PROBLEM REQUIREMENTS:
Go line by line through the entries below and copy those containing the string "blast".

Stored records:
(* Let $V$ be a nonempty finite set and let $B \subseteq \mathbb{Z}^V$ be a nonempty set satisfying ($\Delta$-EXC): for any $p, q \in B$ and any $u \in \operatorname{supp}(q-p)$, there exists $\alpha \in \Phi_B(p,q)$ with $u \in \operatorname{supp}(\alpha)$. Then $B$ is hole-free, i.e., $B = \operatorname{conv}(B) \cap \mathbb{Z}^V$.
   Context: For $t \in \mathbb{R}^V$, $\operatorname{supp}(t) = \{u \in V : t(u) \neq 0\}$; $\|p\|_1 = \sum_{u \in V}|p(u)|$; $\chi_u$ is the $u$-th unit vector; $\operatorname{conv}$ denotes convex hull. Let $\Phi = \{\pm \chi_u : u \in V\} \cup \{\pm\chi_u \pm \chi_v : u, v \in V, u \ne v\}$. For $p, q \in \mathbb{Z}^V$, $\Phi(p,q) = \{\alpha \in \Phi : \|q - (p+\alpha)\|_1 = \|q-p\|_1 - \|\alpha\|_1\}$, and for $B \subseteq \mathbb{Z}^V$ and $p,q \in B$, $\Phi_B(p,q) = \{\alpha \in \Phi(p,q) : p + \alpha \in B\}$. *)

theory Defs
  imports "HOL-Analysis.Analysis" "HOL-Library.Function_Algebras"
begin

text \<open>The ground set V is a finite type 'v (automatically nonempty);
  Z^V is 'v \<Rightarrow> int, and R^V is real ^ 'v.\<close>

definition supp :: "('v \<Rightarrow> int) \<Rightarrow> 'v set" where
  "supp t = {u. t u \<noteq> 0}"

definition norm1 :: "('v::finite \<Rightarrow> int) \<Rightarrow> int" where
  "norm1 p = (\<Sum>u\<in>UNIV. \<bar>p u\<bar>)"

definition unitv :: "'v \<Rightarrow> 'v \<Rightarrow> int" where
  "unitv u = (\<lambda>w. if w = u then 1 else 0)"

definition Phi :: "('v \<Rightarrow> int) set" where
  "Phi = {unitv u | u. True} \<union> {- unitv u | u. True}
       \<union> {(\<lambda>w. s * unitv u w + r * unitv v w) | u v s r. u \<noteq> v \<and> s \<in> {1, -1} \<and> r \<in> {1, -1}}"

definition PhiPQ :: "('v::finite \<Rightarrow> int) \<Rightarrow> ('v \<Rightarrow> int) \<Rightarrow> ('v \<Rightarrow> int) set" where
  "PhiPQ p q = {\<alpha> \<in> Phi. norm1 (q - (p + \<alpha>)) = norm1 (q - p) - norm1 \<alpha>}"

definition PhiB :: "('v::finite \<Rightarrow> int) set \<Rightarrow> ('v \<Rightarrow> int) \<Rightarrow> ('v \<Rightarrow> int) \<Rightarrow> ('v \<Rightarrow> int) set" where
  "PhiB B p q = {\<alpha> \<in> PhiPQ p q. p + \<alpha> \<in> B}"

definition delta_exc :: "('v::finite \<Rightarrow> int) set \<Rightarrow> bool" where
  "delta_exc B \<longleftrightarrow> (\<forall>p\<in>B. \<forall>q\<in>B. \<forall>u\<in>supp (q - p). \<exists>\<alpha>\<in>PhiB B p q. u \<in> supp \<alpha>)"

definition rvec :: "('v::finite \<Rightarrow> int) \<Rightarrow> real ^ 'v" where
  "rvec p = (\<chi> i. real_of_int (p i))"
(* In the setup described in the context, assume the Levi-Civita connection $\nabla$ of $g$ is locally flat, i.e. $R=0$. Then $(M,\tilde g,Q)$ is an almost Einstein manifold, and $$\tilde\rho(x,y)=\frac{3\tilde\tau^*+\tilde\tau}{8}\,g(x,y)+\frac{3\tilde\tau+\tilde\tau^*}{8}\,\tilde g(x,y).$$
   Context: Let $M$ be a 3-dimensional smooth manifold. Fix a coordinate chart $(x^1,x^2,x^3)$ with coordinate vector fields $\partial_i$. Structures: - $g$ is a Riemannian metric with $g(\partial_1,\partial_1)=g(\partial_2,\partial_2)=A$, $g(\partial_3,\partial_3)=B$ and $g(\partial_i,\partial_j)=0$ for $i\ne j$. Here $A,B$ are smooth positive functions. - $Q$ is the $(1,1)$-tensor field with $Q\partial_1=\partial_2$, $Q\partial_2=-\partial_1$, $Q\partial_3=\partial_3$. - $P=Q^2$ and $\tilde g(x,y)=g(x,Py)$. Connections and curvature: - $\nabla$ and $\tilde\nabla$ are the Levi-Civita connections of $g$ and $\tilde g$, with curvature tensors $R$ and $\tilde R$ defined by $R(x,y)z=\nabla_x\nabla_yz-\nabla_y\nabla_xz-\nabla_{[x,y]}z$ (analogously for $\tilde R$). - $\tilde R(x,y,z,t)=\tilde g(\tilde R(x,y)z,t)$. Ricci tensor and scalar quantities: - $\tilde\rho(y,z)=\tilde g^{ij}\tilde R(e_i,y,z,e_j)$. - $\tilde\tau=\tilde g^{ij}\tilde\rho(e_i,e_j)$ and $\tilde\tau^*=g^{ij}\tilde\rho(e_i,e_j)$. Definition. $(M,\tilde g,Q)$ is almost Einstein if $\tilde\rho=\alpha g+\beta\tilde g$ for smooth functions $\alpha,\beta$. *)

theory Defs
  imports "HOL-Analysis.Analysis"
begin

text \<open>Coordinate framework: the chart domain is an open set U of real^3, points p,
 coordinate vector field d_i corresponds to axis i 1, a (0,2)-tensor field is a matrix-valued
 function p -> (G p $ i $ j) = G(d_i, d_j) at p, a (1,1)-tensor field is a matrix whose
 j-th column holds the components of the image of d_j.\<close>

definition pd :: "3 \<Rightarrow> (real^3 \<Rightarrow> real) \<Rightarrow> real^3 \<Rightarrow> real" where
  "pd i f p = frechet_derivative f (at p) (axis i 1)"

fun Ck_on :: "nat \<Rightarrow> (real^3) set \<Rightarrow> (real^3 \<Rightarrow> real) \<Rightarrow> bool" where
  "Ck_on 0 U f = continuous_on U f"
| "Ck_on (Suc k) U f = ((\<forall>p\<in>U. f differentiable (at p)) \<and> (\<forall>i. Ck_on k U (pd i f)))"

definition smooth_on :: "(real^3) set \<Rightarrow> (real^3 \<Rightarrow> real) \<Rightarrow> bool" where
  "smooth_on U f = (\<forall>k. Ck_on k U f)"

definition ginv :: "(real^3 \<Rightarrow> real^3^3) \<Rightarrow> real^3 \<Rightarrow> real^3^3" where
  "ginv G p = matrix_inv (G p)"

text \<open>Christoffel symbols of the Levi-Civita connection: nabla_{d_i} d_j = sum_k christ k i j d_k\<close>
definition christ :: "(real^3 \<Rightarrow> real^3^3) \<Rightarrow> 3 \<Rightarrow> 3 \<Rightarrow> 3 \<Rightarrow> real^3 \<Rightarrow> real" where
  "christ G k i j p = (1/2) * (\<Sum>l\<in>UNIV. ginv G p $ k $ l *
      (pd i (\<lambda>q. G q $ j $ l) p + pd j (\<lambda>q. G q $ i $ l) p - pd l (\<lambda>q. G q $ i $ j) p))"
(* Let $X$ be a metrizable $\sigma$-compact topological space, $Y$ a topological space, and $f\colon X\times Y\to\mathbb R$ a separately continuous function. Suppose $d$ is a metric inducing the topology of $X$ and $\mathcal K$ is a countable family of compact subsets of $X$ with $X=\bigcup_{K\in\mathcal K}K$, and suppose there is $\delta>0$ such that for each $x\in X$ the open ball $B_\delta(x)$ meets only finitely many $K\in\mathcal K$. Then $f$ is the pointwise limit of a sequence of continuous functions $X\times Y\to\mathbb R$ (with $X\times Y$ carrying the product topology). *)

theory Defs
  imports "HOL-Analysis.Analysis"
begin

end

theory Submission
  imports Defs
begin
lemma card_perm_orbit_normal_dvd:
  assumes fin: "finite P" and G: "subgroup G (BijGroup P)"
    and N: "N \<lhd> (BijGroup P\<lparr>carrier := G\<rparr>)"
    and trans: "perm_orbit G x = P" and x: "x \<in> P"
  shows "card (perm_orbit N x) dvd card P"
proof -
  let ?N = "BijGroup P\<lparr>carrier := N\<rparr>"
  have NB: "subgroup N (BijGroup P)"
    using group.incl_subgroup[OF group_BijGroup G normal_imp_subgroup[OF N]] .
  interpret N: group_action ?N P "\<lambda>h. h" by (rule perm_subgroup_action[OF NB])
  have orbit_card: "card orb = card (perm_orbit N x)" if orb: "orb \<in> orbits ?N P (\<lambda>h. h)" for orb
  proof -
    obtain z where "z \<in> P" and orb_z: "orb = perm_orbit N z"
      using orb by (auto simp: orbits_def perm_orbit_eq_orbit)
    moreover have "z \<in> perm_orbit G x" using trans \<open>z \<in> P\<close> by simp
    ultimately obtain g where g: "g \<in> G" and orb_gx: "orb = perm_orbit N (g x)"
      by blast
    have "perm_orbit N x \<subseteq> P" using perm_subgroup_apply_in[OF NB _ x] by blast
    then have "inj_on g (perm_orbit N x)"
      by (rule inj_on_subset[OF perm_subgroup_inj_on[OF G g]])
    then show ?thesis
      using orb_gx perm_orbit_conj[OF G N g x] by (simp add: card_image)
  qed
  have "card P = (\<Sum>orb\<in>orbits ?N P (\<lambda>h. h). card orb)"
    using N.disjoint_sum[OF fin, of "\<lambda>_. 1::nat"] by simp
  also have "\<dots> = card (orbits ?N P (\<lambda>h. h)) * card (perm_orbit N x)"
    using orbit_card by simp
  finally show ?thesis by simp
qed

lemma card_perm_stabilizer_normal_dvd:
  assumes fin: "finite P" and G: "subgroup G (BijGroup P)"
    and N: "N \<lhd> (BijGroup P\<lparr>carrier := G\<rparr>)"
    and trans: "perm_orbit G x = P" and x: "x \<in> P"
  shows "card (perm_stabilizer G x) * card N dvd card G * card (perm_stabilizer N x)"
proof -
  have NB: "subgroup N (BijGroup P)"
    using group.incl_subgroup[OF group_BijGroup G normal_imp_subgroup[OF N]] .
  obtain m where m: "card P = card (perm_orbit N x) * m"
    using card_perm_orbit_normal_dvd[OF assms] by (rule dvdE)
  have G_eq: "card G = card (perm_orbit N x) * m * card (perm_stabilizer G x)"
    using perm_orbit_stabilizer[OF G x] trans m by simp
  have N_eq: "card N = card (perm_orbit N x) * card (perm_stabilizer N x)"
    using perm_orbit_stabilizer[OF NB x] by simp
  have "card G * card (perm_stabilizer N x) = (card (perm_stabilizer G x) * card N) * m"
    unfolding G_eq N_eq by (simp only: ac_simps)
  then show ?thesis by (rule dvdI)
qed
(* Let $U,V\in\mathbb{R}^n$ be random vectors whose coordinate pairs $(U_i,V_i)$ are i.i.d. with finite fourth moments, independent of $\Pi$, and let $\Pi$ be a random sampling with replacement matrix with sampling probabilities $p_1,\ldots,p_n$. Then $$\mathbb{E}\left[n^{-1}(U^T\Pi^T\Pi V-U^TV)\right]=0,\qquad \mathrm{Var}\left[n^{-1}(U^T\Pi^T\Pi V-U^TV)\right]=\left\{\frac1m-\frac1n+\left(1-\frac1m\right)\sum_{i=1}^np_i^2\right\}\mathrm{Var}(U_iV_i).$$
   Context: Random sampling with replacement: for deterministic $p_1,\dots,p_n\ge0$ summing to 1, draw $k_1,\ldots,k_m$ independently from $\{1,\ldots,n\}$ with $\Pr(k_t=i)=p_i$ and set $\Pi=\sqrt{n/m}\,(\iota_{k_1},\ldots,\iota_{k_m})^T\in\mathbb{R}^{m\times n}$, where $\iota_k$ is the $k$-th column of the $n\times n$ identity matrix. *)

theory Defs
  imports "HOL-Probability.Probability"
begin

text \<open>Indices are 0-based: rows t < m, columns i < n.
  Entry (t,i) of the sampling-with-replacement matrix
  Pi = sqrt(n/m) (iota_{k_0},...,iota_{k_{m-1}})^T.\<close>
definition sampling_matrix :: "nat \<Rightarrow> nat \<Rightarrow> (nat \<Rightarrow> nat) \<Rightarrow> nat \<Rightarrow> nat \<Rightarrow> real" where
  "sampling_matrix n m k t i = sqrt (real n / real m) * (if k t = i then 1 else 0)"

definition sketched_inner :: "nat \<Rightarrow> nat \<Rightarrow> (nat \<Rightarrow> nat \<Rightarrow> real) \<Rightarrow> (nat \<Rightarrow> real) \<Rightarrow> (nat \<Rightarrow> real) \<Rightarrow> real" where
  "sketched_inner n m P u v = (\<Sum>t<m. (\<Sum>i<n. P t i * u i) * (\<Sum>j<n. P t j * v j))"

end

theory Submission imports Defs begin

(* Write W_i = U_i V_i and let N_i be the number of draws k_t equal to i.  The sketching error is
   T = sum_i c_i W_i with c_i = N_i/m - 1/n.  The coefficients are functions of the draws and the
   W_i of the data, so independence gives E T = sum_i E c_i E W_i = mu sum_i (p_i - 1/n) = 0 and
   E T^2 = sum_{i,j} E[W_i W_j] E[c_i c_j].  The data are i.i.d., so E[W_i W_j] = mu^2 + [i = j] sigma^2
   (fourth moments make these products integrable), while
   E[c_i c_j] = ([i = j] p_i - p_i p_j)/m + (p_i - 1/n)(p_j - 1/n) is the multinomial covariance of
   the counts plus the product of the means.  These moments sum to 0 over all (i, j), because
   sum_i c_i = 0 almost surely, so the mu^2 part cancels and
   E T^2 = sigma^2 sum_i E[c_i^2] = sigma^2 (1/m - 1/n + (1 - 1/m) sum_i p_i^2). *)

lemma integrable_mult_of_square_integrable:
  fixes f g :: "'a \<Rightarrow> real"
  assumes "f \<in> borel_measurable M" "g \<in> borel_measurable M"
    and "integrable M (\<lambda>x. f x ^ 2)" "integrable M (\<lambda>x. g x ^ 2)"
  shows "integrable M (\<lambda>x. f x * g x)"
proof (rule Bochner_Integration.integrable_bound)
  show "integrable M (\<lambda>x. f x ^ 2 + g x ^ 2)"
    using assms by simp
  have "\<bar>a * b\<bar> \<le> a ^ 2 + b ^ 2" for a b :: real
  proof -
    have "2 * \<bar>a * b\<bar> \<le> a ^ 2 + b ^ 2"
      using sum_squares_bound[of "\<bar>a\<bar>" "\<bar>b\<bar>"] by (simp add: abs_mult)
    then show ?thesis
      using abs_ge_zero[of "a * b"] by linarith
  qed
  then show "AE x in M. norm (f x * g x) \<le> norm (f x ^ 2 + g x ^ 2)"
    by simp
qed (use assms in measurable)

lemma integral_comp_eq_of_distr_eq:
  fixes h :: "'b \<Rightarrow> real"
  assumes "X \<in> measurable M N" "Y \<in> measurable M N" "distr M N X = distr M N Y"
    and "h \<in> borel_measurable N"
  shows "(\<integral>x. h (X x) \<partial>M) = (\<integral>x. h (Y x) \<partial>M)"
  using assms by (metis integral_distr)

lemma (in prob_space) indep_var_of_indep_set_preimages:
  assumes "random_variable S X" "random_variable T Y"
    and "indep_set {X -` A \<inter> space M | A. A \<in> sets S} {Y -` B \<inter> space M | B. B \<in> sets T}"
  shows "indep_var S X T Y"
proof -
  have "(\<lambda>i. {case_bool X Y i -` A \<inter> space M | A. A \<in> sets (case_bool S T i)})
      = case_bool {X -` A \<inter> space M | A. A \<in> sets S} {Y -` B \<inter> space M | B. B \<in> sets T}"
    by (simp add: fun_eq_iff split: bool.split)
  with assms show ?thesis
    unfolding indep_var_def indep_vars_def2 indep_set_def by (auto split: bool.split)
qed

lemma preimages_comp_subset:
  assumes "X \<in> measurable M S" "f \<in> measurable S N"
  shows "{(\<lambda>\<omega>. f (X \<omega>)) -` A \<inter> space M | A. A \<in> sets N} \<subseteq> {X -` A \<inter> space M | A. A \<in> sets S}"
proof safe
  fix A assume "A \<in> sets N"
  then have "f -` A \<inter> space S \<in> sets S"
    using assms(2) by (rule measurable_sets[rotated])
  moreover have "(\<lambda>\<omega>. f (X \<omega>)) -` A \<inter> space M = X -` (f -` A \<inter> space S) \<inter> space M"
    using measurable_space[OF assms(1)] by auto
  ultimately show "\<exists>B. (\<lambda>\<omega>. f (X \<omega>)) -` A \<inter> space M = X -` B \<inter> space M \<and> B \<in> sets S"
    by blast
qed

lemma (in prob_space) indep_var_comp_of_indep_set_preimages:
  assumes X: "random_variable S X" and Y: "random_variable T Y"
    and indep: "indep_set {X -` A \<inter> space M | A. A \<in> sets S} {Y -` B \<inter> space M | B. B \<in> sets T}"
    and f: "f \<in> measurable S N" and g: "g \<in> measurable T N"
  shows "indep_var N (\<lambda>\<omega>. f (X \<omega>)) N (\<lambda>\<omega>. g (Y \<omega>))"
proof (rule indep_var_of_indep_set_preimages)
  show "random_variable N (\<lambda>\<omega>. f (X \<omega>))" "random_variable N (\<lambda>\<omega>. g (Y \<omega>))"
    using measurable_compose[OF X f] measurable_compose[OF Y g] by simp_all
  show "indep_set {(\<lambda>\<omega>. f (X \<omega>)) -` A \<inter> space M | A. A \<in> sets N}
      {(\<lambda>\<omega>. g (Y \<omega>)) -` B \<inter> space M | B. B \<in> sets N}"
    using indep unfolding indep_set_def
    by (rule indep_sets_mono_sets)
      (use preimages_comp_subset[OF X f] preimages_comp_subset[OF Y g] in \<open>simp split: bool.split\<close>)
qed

WRITTEN ANSWER:
      by blast
    have "perm_orbit N x \<subseteq> P" using perm_subgroup_apply_in[OF NB _ x] by blast
    by blast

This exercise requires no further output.